[Stored data entries]
_ _ _

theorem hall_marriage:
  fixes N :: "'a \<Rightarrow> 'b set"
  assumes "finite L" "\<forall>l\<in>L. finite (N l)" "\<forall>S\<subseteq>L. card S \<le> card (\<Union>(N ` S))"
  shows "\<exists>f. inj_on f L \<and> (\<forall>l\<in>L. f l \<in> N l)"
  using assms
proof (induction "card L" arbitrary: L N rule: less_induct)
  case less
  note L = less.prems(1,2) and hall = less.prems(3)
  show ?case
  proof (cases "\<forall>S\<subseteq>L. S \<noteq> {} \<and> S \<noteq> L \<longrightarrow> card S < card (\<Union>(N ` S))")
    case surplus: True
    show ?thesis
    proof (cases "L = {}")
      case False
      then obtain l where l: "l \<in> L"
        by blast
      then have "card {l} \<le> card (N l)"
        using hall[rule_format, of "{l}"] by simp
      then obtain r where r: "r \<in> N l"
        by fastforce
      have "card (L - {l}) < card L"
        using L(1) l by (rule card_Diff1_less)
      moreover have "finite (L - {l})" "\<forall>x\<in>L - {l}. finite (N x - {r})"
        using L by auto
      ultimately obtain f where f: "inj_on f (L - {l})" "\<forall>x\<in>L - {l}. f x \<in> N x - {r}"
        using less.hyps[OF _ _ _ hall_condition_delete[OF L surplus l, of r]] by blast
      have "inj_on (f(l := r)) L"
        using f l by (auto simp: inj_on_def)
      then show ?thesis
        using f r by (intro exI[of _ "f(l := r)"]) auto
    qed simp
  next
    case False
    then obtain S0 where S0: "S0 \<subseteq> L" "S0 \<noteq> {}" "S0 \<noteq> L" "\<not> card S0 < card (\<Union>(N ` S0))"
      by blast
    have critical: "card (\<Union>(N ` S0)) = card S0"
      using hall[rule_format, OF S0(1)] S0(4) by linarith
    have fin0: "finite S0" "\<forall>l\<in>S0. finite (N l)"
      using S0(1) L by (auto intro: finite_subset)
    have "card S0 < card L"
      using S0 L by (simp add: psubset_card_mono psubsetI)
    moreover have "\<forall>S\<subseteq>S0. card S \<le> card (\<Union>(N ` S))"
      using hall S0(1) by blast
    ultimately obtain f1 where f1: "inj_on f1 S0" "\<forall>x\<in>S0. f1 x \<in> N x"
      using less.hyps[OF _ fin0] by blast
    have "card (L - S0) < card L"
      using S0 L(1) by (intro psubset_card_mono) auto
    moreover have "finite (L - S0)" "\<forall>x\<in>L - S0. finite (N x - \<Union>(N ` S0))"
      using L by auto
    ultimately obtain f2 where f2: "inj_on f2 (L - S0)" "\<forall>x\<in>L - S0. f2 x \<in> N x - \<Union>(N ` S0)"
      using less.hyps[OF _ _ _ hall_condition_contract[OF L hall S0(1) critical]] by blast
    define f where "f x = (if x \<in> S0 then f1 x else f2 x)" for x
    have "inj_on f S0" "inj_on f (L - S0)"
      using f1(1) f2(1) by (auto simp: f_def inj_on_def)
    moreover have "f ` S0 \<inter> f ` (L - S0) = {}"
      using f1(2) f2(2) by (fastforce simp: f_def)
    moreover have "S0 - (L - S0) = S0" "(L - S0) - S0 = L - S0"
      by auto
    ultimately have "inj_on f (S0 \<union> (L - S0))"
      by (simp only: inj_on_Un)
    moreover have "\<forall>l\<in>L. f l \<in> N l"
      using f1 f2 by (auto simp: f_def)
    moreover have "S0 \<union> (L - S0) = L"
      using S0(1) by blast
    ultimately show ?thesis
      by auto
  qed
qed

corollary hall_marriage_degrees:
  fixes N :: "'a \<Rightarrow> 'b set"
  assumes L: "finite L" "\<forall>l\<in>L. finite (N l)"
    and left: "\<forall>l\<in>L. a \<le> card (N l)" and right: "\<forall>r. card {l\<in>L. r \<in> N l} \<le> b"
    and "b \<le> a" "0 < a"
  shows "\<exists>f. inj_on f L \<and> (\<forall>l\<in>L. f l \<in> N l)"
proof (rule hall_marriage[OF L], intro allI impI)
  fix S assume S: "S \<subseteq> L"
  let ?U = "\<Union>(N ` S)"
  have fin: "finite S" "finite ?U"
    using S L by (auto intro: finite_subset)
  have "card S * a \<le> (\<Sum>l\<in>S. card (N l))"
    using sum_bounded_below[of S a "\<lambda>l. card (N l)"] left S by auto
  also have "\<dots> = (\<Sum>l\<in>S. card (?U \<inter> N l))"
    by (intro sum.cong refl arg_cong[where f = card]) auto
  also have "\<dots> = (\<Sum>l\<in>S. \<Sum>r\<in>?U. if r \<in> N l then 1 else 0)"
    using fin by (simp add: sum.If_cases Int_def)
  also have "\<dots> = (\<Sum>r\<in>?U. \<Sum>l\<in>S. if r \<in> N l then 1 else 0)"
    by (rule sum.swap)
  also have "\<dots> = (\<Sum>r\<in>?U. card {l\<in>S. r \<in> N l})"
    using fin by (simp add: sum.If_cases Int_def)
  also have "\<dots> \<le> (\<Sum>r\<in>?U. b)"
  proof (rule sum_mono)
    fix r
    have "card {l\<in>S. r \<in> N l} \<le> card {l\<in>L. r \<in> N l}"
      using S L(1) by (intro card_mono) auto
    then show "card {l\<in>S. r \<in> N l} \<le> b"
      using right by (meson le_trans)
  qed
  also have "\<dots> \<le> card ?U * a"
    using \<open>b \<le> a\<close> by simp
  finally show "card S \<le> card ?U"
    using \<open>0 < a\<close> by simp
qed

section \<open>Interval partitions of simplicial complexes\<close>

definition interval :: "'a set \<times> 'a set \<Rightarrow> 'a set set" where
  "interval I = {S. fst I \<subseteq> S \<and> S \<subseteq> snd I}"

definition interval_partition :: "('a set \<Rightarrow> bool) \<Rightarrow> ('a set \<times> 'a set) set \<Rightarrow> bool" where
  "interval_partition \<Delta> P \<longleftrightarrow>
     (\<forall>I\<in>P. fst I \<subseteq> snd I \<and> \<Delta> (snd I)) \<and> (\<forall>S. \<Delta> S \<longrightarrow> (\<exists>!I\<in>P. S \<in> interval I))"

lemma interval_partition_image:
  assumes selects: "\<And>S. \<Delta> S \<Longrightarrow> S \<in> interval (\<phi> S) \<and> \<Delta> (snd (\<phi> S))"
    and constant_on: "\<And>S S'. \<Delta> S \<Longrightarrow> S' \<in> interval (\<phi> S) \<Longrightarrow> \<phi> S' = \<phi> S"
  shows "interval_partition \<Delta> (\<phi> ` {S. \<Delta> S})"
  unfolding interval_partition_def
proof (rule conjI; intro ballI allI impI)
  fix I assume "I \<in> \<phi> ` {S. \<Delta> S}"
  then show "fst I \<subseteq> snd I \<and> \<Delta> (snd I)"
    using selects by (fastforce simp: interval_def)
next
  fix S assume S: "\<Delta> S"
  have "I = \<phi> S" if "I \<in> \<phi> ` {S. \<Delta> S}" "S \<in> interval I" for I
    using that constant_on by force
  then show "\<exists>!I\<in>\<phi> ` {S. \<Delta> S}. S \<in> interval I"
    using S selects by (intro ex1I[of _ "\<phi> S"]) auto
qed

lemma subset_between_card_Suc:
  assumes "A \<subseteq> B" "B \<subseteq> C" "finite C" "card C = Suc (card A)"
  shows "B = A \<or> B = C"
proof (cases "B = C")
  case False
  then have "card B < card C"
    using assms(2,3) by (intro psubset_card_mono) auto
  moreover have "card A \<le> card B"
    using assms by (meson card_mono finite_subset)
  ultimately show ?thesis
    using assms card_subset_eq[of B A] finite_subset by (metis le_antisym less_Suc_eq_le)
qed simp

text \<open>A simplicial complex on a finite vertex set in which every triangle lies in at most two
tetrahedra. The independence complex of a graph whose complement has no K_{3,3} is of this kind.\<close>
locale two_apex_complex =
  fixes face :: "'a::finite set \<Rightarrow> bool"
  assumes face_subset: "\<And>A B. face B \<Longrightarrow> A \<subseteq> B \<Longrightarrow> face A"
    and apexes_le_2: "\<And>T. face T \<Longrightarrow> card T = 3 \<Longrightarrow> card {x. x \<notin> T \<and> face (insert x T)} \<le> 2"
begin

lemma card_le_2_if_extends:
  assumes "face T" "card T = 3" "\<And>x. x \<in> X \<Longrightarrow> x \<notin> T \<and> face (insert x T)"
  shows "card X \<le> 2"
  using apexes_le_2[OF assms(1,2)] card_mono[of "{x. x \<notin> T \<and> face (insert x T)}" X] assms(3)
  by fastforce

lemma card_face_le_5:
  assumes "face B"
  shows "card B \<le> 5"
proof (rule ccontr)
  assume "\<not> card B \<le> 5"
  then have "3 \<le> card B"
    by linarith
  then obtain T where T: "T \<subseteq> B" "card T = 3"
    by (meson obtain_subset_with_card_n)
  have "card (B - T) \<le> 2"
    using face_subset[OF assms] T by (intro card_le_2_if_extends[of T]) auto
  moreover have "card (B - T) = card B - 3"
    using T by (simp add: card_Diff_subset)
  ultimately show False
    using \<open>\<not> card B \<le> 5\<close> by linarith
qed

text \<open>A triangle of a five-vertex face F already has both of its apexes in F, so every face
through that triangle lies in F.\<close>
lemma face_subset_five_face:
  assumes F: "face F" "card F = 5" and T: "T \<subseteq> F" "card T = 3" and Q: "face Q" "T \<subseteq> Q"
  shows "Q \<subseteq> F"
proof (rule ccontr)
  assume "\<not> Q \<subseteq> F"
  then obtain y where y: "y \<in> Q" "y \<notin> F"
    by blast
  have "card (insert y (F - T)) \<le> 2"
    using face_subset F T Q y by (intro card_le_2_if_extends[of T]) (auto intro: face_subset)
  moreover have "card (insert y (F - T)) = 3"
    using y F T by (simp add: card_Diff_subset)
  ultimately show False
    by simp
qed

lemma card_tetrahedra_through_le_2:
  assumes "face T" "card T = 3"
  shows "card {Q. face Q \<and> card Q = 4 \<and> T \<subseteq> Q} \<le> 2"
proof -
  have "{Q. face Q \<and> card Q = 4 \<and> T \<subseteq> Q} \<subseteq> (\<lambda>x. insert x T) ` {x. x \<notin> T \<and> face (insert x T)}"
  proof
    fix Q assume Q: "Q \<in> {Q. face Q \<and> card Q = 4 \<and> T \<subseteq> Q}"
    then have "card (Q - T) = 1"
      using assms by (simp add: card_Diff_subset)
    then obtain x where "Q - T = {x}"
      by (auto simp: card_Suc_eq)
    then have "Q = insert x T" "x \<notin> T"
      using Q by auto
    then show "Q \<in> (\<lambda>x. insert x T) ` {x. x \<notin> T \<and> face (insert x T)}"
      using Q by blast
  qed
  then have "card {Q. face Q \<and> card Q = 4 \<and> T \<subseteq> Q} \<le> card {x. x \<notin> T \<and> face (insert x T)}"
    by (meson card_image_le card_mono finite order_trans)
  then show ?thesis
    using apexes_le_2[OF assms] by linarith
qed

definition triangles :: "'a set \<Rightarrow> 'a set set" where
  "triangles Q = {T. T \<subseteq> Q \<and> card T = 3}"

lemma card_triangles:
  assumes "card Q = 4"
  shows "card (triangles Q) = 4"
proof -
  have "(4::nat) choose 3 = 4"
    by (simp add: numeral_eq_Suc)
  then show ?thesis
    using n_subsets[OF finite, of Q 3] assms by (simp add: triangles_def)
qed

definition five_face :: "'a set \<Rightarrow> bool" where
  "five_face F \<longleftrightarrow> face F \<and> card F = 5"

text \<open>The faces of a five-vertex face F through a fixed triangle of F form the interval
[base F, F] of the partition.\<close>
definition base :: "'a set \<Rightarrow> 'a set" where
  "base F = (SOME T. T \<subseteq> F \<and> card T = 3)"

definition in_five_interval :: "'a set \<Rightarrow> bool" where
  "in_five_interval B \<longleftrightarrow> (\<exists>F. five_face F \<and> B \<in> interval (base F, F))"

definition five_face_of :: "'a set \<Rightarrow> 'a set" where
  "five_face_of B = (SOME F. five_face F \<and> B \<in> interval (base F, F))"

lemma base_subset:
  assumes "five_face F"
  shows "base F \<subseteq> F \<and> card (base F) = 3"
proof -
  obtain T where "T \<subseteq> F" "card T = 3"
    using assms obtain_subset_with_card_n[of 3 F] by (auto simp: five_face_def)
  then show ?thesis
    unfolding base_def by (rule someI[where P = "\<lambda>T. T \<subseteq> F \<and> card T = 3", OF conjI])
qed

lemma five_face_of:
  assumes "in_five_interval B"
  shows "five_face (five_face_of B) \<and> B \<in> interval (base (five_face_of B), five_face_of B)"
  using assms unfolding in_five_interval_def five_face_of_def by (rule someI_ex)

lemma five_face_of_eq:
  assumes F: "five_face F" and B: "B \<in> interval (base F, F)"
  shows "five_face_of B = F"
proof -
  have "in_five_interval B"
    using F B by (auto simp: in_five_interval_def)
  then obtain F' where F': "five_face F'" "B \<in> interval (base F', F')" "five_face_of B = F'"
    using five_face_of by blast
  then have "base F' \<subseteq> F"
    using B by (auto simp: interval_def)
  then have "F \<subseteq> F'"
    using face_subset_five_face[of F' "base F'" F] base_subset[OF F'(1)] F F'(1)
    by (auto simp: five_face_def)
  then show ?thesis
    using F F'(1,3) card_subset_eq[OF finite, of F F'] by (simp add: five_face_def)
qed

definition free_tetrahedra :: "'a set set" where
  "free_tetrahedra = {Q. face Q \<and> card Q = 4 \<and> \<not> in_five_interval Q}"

_ _ _

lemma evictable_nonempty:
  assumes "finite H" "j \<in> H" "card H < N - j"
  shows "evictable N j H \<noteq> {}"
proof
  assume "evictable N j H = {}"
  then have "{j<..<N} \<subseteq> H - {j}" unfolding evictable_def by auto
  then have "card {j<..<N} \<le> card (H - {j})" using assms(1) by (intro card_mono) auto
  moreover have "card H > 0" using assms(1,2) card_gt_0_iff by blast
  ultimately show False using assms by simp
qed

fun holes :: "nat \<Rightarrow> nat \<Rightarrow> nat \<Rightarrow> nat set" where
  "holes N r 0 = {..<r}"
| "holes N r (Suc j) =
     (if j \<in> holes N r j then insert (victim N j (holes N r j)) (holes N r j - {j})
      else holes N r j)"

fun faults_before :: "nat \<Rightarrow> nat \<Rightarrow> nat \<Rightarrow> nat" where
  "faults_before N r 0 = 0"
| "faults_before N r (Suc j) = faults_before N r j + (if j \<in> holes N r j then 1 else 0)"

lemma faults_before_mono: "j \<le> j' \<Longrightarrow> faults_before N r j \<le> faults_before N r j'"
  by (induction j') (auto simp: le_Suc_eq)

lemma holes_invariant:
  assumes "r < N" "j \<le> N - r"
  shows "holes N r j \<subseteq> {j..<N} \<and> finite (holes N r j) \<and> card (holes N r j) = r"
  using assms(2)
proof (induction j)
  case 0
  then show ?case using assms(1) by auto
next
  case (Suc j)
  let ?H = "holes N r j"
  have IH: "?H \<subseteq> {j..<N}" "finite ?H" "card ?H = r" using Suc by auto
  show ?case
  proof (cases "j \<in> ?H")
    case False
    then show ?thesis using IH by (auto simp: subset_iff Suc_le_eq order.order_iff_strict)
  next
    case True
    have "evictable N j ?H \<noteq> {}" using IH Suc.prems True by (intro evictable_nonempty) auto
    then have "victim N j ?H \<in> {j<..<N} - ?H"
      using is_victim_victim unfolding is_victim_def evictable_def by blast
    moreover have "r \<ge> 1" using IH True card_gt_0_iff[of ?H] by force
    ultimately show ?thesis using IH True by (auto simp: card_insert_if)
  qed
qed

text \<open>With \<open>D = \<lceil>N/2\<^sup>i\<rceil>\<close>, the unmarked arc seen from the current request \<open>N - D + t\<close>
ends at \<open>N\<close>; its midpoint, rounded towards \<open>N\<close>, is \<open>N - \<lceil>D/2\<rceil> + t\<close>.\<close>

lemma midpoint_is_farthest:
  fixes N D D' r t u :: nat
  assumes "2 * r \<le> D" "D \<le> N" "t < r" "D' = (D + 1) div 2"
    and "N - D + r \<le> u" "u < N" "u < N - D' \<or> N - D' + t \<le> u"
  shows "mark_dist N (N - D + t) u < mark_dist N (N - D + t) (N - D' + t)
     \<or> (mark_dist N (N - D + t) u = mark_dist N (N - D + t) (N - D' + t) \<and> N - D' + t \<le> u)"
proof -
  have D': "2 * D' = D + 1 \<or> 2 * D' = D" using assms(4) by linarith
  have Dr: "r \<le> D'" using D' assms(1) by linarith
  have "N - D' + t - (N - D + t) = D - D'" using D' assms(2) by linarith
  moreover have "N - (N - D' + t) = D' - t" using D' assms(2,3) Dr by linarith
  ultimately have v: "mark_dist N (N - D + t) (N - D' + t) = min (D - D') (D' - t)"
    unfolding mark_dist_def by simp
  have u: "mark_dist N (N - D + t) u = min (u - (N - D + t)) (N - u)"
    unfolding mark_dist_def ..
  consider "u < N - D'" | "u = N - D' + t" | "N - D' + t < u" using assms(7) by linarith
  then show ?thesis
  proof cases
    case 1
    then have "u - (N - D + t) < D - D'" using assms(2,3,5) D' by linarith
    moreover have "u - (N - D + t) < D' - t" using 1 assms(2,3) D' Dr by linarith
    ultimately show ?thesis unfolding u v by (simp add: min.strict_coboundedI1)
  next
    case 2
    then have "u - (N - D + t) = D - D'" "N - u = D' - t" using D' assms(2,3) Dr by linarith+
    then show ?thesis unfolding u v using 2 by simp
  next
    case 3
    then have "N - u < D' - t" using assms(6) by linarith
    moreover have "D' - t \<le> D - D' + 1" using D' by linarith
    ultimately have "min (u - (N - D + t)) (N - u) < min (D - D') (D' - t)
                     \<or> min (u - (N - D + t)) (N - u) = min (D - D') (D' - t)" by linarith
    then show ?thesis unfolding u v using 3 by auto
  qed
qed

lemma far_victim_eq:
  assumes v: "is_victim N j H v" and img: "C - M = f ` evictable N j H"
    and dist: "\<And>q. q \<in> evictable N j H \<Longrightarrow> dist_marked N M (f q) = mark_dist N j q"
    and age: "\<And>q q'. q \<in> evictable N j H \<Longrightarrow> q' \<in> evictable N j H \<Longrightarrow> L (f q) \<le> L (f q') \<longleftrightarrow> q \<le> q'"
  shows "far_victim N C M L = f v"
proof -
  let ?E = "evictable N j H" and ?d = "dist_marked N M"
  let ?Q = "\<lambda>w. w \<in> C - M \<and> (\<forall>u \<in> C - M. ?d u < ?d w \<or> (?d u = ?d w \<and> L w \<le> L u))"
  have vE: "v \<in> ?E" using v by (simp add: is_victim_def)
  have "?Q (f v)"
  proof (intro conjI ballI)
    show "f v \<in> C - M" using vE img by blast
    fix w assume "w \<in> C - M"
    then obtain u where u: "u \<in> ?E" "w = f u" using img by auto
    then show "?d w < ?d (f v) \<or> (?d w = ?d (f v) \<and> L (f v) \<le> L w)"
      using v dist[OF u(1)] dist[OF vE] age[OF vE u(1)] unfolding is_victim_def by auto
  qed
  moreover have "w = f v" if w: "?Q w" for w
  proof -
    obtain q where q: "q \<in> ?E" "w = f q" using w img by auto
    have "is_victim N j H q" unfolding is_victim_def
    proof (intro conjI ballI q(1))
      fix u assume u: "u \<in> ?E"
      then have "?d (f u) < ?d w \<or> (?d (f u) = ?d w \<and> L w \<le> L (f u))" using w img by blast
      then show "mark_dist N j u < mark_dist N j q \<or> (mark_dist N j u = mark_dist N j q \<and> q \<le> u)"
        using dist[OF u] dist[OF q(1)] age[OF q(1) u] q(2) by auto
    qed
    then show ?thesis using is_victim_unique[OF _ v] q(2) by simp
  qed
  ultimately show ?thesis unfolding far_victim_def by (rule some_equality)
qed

_ _ _

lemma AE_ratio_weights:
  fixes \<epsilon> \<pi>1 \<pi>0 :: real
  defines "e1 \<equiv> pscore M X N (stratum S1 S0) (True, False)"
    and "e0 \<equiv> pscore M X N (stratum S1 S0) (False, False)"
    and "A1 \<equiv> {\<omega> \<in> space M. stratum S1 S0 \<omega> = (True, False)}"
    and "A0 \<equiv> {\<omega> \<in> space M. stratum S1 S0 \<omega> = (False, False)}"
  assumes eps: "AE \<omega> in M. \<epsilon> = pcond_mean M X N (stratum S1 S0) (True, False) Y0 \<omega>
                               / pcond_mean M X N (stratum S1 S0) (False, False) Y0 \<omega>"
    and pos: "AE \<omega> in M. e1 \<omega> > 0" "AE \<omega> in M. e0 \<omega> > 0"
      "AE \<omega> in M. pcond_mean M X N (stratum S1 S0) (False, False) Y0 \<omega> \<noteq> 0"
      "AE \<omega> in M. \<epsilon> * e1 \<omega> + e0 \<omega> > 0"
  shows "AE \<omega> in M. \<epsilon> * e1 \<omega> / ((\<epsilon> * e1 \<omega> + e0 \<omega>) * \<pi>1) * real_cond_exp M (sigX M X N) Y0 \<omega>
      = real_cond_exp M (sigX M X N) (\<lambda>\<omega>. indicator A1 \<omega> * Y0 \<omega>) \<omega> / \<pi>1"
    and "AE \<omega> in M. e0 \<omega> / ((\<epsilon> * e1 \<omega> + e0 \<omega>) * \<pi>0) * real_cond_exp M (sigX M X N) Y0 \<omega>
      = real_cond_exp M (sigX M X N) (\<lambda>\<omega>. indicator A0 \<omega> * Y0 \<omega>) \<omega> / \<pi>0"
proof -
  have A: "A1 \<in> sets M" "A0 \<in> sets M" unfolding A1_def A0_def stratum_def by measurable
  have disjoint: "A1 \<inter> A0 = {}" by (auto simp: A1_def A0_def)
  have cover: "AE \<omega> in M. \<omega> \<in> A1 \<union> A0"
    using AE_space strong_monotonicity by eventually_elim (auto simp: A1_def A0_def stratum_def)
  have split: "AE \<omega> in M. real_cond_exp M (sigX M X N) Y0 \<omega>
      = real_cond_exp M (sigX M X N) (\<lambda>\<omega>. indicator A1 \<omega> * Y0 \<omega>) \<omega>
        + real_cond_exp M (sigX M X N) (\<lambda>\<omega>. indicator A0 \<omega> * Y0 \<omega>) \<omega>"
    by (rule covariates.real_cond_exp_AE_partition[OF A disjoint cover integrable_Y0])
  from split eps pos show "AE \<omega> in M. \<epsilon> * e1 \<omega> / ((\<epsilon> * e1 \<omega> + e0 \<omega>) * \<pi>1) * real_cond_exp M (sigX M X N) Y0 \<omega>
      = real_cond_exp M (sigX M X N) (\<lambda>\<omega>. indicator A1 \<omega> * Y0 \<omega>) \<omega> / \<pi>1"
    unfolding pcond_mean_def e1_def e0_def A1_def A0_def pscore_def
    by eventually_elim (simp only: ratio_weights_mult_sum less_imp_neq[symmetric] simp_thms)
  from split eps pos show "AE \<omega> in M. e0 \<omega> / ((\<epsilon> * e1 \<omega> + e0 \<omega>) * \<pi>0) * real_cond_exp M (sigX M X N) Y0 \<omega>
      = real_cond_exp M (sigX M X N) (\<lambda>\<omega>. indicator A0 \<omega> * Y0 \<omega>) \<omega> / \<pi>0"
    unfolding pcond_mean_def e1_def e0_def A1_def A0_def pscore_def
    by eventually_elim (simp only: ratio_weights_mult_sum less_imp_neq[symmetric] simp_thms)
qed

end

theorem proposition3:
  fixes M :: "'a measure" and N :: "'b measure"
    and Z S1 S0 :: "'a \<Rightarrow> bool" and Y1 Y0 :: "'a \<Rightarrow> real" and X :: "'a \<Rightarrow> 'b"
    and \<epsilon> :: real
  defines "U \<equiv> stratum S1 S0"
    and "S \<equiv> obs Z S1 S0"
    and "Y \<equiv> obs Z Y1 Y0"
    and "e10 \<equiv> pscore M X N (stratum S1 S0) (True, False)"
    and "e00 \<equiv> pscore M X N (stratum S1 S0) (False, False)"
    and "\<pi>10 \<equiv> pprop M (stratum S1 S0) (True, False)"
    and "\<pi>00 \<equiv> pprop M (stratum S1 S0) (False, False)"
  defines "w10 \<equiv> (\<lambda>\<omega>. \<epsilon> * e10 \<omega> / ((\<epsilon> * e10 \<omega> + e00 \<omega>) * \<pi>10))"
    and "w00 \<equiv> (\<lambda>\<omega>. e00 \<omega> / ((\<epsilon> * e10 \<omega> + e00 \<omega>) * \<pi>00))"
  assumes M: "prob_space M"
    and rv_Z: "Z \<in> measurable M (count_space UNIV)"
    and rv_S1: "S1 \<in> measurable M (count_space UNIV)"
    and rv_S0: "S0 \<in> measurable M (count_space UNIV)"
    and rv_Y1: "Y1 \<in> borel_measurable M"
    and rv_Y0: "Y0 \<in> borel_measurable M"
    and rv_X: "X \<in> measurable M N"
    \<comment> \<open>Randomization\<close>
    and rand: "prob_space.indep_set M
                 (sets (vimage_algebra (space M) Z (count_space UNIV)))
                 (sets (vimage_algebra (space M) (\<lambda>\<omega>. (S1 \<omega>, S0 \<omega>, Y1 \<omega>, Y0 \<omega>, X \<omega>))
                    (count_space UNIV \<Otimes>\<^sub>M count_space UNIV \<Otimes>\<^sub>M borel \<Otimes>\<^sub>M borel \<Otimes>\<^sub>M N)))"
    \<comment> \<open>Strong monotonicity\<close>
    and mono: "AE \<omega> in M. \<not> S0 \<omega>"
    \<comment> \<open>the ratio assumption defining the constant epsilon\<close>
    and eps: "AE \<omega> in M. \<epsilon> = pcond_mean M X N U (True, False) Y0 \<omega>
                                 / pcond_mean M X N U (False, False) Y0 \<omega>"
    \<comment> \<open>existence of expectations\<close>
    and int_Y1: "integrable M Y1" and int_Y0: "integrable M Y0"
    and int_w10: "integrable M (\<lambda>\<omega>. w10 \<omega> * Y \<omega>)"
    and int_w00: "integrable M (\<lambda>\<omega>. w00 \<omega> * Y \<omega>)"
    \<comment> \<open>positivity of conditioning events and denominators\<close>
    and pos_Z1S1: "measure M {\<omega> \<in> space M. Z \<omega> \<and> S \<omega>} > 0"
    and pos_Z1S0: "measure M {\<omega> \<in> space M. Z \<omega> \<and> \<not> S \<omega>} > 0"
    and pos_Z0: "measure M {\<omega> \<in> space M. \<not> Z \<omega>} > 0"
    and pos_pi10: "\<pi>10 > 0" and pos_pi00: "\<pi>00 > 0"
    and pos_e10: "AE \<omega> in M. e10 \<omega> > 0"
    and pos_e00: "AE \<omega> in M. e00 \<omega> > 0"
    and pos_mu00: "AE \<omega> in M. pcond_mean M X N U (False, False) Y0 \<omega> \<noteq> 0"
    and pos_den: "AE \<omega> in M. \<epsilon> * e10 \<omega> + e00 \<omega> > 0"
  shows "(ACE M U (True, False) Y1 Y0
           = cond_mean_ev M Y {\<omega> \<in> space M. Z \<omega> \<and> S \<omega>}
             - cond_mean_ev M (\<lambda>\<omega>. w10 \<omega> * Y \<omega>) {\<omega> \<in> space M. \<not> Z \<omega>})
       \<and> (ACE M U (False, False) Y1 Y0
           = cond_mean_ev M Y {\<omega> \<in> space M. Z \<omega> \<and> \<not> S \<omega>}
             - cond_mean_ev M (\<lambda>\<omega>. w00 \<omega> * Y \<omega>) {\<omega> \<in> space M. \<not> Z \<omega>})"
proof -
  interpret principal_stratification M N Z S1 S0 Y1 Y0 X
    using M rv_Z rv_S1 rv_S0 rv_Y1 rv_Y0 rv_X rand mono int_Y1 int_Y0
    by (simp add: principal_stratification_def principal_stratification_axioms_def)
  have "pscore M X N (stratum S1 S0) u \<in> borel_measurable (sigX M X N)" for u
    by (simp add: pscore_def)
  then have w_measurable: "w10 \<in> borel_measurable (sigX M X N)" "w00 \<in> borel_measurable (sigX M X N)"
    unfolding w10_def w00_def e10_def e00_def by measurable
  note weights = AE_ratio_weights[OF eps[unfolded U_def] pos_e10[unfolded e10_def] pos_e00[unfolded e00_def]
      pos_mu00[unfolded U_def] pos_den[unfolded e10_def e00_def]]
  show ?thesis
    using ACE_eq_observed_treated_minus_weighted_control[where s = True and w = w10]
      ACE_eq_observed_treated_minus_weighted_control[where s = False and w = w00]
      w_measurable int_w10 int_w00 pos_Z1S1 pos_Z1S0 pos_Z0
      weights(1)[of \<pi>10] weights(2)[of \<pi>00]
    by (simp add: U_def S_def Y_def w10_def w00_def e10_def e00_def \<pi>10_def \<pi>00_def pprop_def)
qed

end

_ _ _

WORK INSTRUCTIONS - The answer must be every line from the entries above that holds the string "split".

RESPONSE BOX -
  have split: "AE \<omega> in M. real_cond_exp M (sigX M X N) Y0 \<omega>
  from split eps pos show "AE \<omega> in M. \<epsilon> * e1 \<omega> / ((\<epsilon> * e1 \<omega> + e0 \<omega>) * \<pi>1) * real_cond_exp M (sigX M X N) Y0 \<omega>
  from split eps pos show "AE \<omega> in M. e0 \<omega> / ((\<epsilon> * e1 \<omega> + e0 \<omega>) * \<pi>0) * real_cond_exp M (sigX M X N) Y0 \<omega>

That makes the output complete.